Milo (drink)

Milo (/ˈml/; stylised as MILO) is a chocolate flavoured malted powder product produced by Nestlé, typically mixed with milk, hot water, or both, to produce a beverage. It was originally developed in Australia by Thomas Mayne in 1934.

MILO
Product typeChoco milk drink
OwnerNestlé
CountryAustralia
Introduced29 August 1934 (1934-08-29)
MarketsWorldwide
Websitewww.nestle.com/brands/allbrands/milo

Most commonly sold as a powder in a green tin, often depicting various sporting activities, Milo is available as a premixed beverage in some countries, and has been subsequently developed into a snack bar, breakfast cereal and protein granola. Its composition and taste differ from country to country.

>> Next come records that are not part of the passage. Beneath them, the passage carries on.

lemma card_lattice_segment:
  fixes u v :: ivec and N t :: int
  assumes "u \<noteq> 0" and "v \<noteq> 0" and "dot u v = 0" and "dot u u = N" and "dot v v = N"
    and "t \<ge> 0"
  shows "int (card {x. dot x (cross v u) = 0 \<and> dot x u = t * N \<and> 0 \<le> dot x v \<and> dot x v \<le> t * N})
    = t * vgcd v + 1"
proof -
  define d where "d = vgcd v"
  obtain v0 p where v0: "v = smul d v0" and p: "dot p v0 = 1"
    using primitive_decomposition[OF assms(2)] unfolding d_def by metis
  define r where "r = dot v0 v"
  have "d > 0" "N > 0"
    using assms(1,2,4) dot_self_pos vgcd_pos unfolding d_def by blast+
  have "d * r = N"
    using assms(5) unfolding r_def by (subst (asm) (1) v0) simp
  then have "r > 0" and tN: "t * N = (t * d) * r"
    using \<open>d > 0\<close> \<open>N > 0\<close> by (auto simp: zero_less_mult_iff)
  have k_range: "0 \<le> k * r \<and> k * r \<le> t * N \<longleftrightarrow> k \<in> {0..t * d}" for k
    using \<open>r > 0\<close> unfolding tN by (simp add: zero_le_mult_iff mult_le_cancel_right)
  have v0_u: "dot v0 u = 0" and v0_w: "dot v0 (cross v u) = 0"
    using assms(3) \<open>d > 0\<close> dot_cross_eq_0(1)[of v u] unfolding v0 by (simp_all add: dot_commute)
  define g where "g k = smul t u + smul k v0" for k
  have g: "dot (g k) (cross v u) = 0" "dot (g k) u = t * N" "dot (g k) v = k * r" for k
    using v0_u v0_w assms(3,4) unfolding g_def r_def by simp_all
  have "{x. dot x (cross v u) = 0 \<and> dot x u = t * N \<and> 0 \<le> dot x v \<and> dot x v \<le> t * N}
      = g ` {0..t * d}"
  proof (intro set_eqI iffI)
    fix x assume x: "x \<in> {x. dot x (cross v u) = 0 \<and> dot x u = t * N \<and> 0 \<le> dot x v \<and> dot x v \<le> t * N}"
    define y where "y = x - smul t u"
    have "dot y (cross v u) = 0" "dot y u = 0"
      using x assms(4) unfolding y_def by simp_all
    then have "cross v y = 0"
      by (rule cross_eq_0_if_orthogonal[OF assms(3,1)])
    then have "cross y v0 = 0"
      using \<open>d > 0\<close> unfolding v0 by (simp add: cross_commute[of y v0])
    then have "x = g (dot p y)"
      using eq_smul_if_cross_eq_0[OF p] unfolding g_def y_def by (metis add.commute diff_add_cancel)
    with x k_range show "x \<in> g ` {0..t * d}"
      by (auto simp: g)
  next
    fix x assume "x \<in> g ` {0..t * d}"
    then obtain k where "k \<in> {0..t * d}" and "x = g k"
      by blast
    then show "x \<in> {x. dot x (cross v u) = 0 \<and> dot x u = t * N \<and> 0 \<le> dot x v \<and> dot x v \<le> t * N}"
      using g k_range[of k] by simp
  qed
  moreover have "inj g"
    using p by (auto intro!: injI simp: g_def smul_right_cancel)
  ultimately show ?thesis
    using \<open>t \<ge> 0\<close> \<open>d > 0\<close> unfolding d_def[symmetric] by (simp add: card_image inj_on_subset)
qed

Milo maintains significant popularity in a diverse range of countries throughout the world, particularly in Australasia, Asia, and Africa.

History

1940s Milo tin.

In 1934, Australian industrial chemist and inventor Thomas Mayne, who was working at Nestlé, developed Milo,[1][2] and launched it at the Sydney Royal Easter Show.[3] Mayne came up with his formula for Milo combining malt extract (made from malted barley), full cream milk powder, cocoa, sugar, mineral salts, iron and vitamins A, D and B1, in an attempt "to develop a completely balanced food drink which contained all the necessary proteins and minerals".[4] It was intended to help children to obtain enough nutrients in their diet.[5]

Nestlé, which had taken ownership of a milk processing plant in Smithtown, New South Wales, in 1921, started producing the product not long after the show.[5] The name was derived from the famous ancient athlete Milo of Croton, after his legendary strength.[6] The product was even noted as "tonic food".[7][8]

Description and manufacture

Milo is a malted powder product produced by Nestlé, typically mixed with milk, hot water, or both, to produce a beverage.[9]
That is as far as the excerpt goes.